Тот же Прыжов описал в статье „26 московских лже-пророков, лже-юродивых, дур и дураков“ и другого московского „пророка“ — Семена Митрича. Из контаминации имен двух юродивых — Семена Митрича и Ивана Яковлевича — Достоевский мог произвести имя своего юродивого Семена Яковлевича.[504]
M. С. Альтман отмечает, что вышедшая из монастыря Марья Тимофеевна (Хромоножка) — „вариант прыжовской Марии Ивановны, тоже хромой, взятой из богадельни“.[505] Но сходство этих женских образов ограничивается лишь именем и хромотой обеих. Образ Хромоножки имеет, иные, более сложные, в том числе фольклорные, истоки.
Одним из прототипов капитана Лебядкина, по предположению А. С. Долинина, мог быть П. Н. Горский, второстепенный беллетрист 1850-1860-х годов, с которым Достоевского связывали литературные и личные отношения. „Пьяница, скандалист, мелкий вымогатель, он как бы охотно подчеркивал, с каким-то сладострастием, но и не без надрыва, свою нравственную низость, себя противопоставляя людям «порядочным» и в то же время язвительно-зло и умно над ними издеваясь“.[506] Горский, подобно Лебядкину, „был также «штабс-капитан в отставке», писал и печатал разного рода вирши, и патриотические, и сатирические, козырял своей бывшей военной карьерой и в пьяном виде является таким же деспотом со своей любовницей М. Браун, как Лебядкин с сестрой-хромоножкой.
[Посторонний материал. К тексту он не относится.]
lemma not_indep3_imp_plane: "\<not> indep3 u v w \<Longrightarrow> indep2 u v \<Longrightarrow> w \<in> plane u v"
  using indep3_iff by blast

lemma indep2_not_in_line: "indep2 p q \<Longrightarrow> p \<in> line w \<Longrightarrow> q \<in> line w \<Longrightarrow> False"
  using indep2_iff line_eq_if_mem by metis

lemma indep2_line_cong:
  assumes "indep2 u v" "line u' = line u" "line v' = line v"
  shows "indep2 u' v'"
proof -
  have "u' \<noteq> 0"
    using assms(1,2) indep2_nonzero line_eq_0_iff by metis
  moreover have "v' \<notin> line u'"
    using assms line_subset_line [of v' u] line_self [of v] indep2_iff by blast
  ultimately show ?thesis
    using indep2_iff by blast
qed

lemma indep3_line_cong:
  assumes "indep3 u v w" "line u' = line u" "line v' = line v" "line w' = line w"
  shows "indep3 u' v' w'"
proof -
  have "indep2 u' v'"
    using assms(1-3) indep3_imp_indep2 indep2_line_cong by blast
  moreover have "u' \<in> plane u v" "v' \<in> plane u v"
    using assms(2,3) line_self [of u'] line_self [of v'] line_subset_plane_left line_subset_plane_right
    by blast+
  then have "plane u' v' \<subseteq> plane u v"
    by (rule plane_subset_plane)
  then have "w' \<notin> plane u' v'"
    using assms(1,4) line_subset_line [of w' "u'"] line_self [of w] indep3_iff line_subset_plane
    by blast
  ultimately show ?thesis
    using indep3_iff by blast
qed

lemma indep2_line_inter:
  assumes "indep2 u v"
  shows "line u \<inter> line v = {0}"
proof -
  have False if "z \<in> line u" "z \<in> line v" "z \<noteq> 0" for z
  proof -
    have "line u = line z" "line v = line z"
      using line_eq_if_mem [of z u] line_eq_if_mem [of z v] that by simp_all
    then show False
      using indep2_not_in_line [OF assms, of z] line_self by blast
  qed
  then show ?thesis
    by auto
qed

lemma common_plane_if_not_indep3:
  assumes lines: "\<And>x. \<exists>w. L x = line w"
    and no_indep3: "\<And>a b c u v w. L a = line u \<Longrightarrow> L b = line v \<Longrightarrow> L c = line w \<Longrightarrow> \<not> indep3 u v w"
  shows "\<exists>u v. \<forall>x. L x \<subseteq> plane u v"
proof (cases "\<exists>x1 x2 u v. L x1 = line u \<and> L x2 = line v \<and> indep2 u v")
  case True
  then obtain x1 x2 u v where uv: "L x1 = line u" "L x2 = line v" "indep2 u v"
    by blast
  have "L x \<subseteq> plane u v" for x
  proof -
    obtain w where w: "L x = line w"
      using lines by blast
    then have "w \<in> plane u v"
      using no_indep3 [OF uv(1,2) w] uv(3) indep3_iff by blast
    then show ?thesis
      using w line_subset_plane by simp
  qed
  then show ?thesis
    by blast
next
  case no_indep2: False
  show ?thesis
  proof (cases "\<exists>x u. L x = line u \<and> u \<noteq> 0")
    case True
    then obtain x0 u where u: "L x0 = line u" "u \<noteq> 0"
      by blast
    have "L x \<subseteq> plane u 0" for x
    proof -
      obtain w where w: "L x = line w"
        using lines by blast
      then have "w \<in> line u"
        using no_indep2 u not_indep2_imp_line by blast
      then show ?thesis
        using w line_subset_line by simp
    qed
    then show ?thesis
      by blast
  next
    case False
    then have "L x \<subseteq> plane 0 0" for x
      using lines [of x] by fastforce
    then show ?thesis
      by blast
  qed
qed

lemma plane_inter_plane_subset_line:
  assumes "A + B = C + D" "indep3 A B C"
  shows "plane A B \<inter> plane C D \<subseteq> line (A + B)"
proof
  fix z
  assume "z \<in> plane A B \<inter> plane C D"
  then obtain a b c d where z1: "z = a \<cdot> A + b \<cdot> B" and z2: "z = c \<cdot> C + d \<cdot> D"
    unfolding Int_iff plane_iff by blast
  have D: "D = A + B - C"
    using assms(1) by (simp add: algebra_simps)
  have "(a - d) \<cdot> A + (b - d) \<cdot> B + (d - c) \<cdot> C = a \<cdot> A + b \<cdot> B - (c \<cdot> C + d \<cdot> D)"
    unfolding D by (simp add: scale_left_diff_distrib algebra_simps)
  also have "\<dots> = 0"
    using z1 z2 by simp
  finally have "a - d = 0 \<and> b - d = 0"
    using assms(2) unfolding indep3_def by blast
  then have "z = a \<cdot> (A + B)"
    using z1 by simp
  then show "z \<in> line (A + B)"
    unfolding line_iff by blast
qed


text \<open>Comparing \<open>f (l x)\<close>, \<open>f (l p)\<close> and \<open>f (l (x + p))\<close> forces a common factor.\<close>

lemma line_factor_eq:
  assumes add: "\<And>x y. f (x + y) = f x + f y"
    and preserves_lines: "\<And>l x. f (scale' l x) \<in> line (f x)"
    and distrib: "scale' l (x + p) = scale' l x + scale' l p"
    and "indep2 (f p) (f x)" "f (scale' l p) = m \<cdot> f p"
  shows "f (scale' l x) = m \<cdot> f x"
proof -
  obtain m1 m2 where m1: "f (scale' l x) = m1 \<cdot> f x"
    and m2: "f (scale' l (x + p)) = m2 \<cdot> f (x + p)"
    using preserves_lines [of l x] preserves_lines [of l "x + p"] unfolding line_iff by blast
  have "m2 \<cdot> (f x + f p) = m1 \<cdot> f x + m \<cdot> f p"
    using m1 m2 assms(5) add distrib by simp
  then have "(m2 - m) \<cdot> f p + (m2 - m1) \<cdot> f x = 0"
    by (simp add: scale_left_diff_distrib algebra_simps)
  then have "m2 - m = 0 \<and> m2 - m1 = 0"
    using assms(4) unfolding indep2_def by blast
  then show ?thesis
    using m1 by auto
qed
Кроме того, у Горского в его очерке «Бедные жильцы» выведен «регистратор Лебядкин», упоминаемый и в «Высокой любви»“.[507]
Образ Федьки Каторжного (в подготовительных материалах этот персонаж фигурирует под фамилией то Куликова, то Кулишова) также, по-видимому, восходит к реальному прототипу — арестанту Куликову, изображенному Достоевским в „Записках из Мертвого дома“ и в плане к „Житию великого грешника“ (разбойник Куликов-Кулишов).[508]
А. Л. Бем отметил, что „имя «Федька Каторжный» стоит в связи с именем «Ванька Каин» <…> пословичный характер языка Федьки Каторжного выдержан совершенно в стиле «Жизни и похождений российского Картуша, именуемого Каином»; ср.: «пыль да копоть, причем нечего и лопать», «вот тебе луковка попова! облуплена готова!», «знай почитай, а умру поминай!» (Ванька-Каин); «либо сена клок, либо вилы в бок», «черт в корзине нес, да растрес» („Бесы“)“.[509]
Не отрицая возможного использования Достоевским сочинения Матвея Комарова как литературного источника образа Федьки Каторжного, следует подчеркнуть жизненные истоки этого персонажа. Для изучения лексики и фразеологии Федьки большой интерес представляет „Сибирская тетрадь“.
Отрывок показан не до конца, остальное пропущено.